Your answer must consist of exactly the lines below, starting with the line with "segments, by a" and going on through the line with "using convergent_imp_Bseq[OF convergentI[OF", and nothing else.
SUPPLIED ENTRIES Block Start
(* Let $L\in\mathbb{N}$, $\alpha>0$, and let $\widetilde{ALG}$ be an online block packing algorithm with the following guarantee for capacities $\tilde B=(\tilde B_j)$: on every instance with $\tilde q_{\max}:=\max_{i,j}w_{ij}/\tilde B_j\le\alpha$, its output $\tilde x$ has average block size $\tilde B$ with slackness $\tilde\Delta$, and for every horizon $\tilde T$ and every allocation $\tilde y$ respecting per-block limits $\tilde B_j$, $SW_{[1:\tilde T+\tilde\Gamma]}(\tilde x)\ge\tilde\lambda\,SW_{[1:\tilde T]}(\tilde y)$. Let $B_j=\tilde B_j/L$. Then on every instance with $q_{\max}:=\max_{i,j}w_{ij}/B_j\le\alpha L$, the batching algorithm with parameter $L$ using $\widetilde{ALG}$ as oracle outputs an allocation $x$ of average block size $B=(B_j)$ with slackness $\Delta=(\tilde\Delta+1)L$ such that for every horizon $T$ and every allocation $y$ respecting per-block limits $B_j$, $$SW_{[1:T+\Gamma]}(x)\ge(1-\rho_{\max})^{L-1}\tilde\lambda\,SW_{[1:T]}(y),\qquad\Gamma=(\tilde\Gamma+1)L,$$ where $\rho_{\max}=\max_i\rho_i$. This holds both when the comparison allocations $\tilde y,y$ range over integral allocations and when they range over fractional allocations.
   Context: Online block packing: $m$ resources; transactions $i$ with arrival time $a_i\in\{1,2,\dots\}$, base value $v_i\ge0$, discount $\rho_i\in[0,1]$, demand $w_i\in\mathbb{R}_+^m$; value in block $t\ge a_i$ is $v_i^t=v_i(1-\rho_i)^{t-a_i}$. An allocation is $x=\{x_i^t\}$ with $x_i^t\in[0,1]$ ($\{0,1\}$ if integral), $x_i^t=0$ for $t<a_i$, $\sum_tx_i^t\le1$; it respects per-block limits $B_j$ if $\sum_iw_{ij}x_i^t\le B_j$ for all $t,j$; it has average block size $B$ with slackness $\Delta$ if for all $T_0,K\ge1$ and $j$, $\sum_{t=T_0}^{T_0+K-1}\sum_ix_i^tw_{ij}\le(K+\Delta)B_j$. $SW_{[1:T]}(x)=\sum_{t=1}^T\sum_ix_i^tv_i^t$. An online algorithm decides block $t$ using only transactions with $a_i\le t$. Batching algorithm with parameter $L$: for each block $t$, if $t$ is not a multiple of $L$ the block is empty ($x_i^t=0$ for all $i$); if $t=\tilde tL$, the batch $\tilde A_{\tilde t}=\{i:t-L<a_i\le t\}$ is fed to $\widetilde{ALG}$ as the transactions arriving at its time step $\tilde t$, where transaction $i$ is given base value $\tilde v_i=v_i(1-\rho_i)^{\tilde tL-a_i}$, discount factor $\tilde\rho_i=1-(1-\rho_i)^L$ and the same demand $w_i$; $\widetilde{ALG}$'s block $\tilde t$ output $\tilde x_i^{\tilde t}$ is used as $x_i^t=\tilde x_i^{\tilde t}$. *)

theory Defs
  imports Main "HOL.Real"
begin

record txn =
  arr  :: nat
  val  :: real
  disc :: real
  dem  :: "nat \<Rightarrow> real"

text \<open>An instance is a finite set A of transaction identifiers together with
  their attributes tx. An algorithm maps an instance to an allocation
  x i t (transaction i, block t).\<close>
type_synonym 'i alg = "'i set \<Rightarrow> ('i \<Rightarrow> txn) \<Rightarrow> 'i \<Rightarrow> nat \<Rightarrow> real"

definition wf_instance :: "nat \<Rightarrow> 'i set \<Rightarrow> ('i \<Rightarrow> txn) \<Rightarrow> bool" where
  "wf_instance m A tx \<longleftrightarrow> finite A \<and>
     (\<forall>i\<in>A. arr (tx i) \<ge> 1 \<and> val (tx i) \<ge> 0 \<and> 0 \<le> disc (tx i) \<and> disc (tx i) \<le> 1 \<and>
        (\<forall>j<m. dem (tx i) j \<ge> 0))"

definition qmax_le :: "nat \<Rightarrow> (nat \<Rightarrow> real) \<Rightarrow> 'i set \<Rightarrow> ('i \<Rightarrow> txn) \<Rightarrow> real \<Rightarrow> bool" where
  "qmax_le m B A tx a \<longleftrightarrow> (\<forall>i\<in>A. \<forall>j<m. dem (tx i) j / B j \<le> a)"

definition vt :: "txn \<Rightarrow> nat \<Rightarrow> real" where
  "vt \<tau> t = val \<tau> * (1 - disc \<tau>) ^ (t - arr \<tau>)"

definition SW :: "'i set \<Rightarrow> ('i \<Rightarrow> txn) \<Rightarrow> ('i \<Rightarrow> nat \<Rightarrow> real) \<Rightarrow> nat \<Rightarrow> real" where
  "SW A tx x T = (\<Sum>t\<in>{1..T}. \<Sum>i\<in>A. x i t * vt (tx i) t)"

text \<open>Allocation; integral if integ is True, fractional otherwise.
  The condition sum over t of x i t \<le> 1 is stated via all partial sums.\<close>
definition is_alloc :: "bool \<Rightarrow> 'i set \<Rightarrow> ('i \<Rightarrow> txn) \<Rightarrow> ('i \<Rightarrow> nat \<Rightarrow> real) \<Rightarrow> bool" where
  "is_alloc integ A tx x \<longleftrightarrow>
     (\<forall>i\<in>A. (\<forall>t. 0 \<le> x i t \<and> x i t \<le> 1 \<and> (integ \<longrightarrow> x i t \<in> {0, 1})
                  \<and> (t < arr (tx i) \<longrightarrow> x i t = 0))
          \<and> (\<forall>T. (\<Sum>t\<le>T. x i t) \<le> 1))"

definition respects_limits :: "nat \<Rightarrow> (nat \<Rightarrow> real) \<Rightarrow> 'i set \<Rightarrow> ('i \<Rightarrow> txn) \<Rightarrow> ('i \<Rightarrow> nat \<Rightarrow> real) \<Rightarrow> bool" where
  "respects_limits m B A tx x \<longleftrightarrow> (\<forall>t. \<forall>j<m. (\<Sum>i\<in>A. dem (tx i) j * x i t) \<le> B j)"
SUPPLIED ENTRIES Block End
SUPPLIED ENTRIES Block Start
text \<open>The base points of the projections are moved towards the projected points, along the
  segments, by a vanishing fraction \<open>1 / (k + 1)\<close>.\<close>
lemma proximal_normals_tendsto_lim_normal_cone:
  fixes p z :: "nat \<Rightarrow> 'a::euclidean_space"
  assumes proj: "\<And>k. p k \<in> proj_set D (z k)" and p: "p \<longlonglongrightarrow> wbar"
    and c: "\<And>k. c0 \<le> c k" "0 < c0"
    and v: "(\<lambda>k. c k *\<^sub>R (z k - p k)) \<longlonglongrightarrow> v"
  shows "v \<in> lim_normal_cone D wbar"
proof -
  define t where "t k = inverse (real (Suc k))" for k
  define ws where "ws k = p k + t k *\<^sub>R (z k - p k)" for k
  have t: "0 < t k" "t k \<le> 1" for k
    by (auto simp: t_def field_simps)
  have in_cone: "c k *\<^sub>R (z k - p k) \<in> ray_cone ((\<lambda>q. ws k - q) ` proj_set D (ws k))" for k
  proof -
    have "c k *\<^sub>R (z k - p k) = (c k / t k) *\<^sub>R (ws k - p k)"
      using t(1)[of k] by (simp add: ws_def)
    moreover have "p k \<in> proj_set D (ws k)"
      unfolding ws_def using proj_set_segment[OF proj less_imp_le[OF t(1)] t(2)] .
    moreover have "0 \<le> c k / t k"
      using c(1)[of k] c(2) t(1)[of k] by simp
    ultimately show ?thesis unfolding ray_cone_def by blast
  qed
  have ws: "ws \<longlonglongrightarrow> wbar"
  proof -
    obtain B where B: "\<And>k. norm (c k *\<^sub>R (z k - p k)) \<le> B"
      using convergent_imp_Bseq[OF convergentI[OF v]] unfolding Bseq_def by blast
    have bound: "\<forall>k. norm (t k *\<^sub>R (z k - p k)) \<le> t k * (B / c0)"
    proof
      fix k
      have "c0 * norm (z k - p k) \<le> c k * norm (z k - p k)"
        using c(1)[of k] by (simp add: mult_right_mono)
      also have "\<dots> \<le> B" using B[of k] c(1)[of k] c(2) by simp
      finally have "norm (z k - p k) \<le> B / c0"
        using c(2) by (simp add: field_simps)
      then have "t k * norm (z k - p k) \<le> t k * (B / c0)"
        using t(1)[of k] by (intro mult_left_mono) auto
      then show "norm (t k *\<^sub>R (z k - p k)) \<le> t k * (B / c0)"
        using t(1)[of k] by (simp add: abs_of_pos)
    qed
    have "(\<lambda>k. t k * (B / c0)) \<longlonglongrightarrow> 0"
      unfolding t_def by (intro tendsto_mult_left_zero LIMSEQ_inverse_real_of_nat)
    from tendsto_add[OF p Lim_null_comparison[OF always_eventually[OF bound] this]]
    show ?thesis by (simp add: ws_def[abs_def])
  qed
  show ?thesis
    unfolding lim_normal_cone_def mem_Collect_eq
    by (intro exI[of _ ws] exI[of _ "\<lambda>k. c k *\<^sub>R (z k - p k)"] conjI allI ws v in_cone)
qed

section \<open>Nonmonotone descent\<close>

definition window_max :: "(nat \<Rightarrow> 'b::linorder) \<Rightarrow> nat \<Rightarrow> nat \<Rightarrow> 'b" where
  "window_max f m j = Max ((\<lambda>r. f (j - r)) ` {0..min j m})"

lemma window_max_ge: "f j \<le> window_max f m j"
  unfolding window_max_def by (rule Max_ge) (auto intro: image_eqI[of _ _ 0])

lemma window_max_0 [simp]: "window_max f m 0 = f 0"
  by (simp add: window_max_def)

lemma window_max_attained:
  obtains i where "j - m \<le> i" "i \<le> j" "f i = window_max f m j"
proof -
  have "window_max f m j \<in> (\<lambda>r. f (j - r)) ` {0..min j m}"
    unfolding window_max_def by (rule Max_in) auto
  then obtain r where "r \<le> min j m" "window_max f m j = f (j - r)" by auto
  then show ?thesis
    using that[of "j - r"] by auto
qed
SUPPLIED ENTRIES Block End
COMPLETED TASK =>
  segments, by a vanishing fraction \<open>1 / (k + 1)\<close>.\<close>
lemma proximal_normals_tendsto_lim_normal_cone:
  fixes p z :: "nat \<Rightarrow> 'a::euclidean_space"
  assumes proj: "\<And>k. p k \<in> proj_set D (z k)" and p: "p \<longlonglongrightarrow> wbar"
    and c: "\<And>k. c0 \<le> c k" "0 < c0"
    and v: "(\<lambda>k. c k *\<^sub>R (z k - p k)) \<longlonglongrightarrow> v"
  shows "v \<in> lim_normal_cone D wbar"
proof -
  define t where "t k = inverse (real (Suc k))" for k
  define ws where "ws k = p k + t k *\<^sub>R (z k - p k)" for k
  have t: "0 < t k" "t k \<le> 1" for k
    by (auto simp: t_def field_simps)
  have in_cone: "c k *\<^sub>R (z k - p k) \<in> ray_cone ((\<lambda>q. ws k - q) ` proj_set D (ws k))" for k
  proof -
    have "c k *\<^sub>R (z k - p k) = (c k / t k) *\<^sub>R (ws k - p k)"
      using t(1)[of k] by (simp add: ws_def)
    moreover have "p k \<in> proj_set D (ws k)"
      unfolding ws_def using proj_set_segment[OF proj less_imp_le[OF t(1)] t(2)] .
    moreover have "0 \<le> c k / t k"
      using c(1)[of k] c(2) t(1)[of k] by simp
    ultimately show ?thesis unfolding ray_cone_def by blast
  qed
  have ws: "ws \<longlonglongrightarrow> wbar"
  proof -
    obtain B where B: "\<And>k. norm (c k *\<^sub>R (z k - p k)) \<le> B"
      using convergent_imp_Bseq[OF convergentI[OF v]] unfolding Bseq_def by blast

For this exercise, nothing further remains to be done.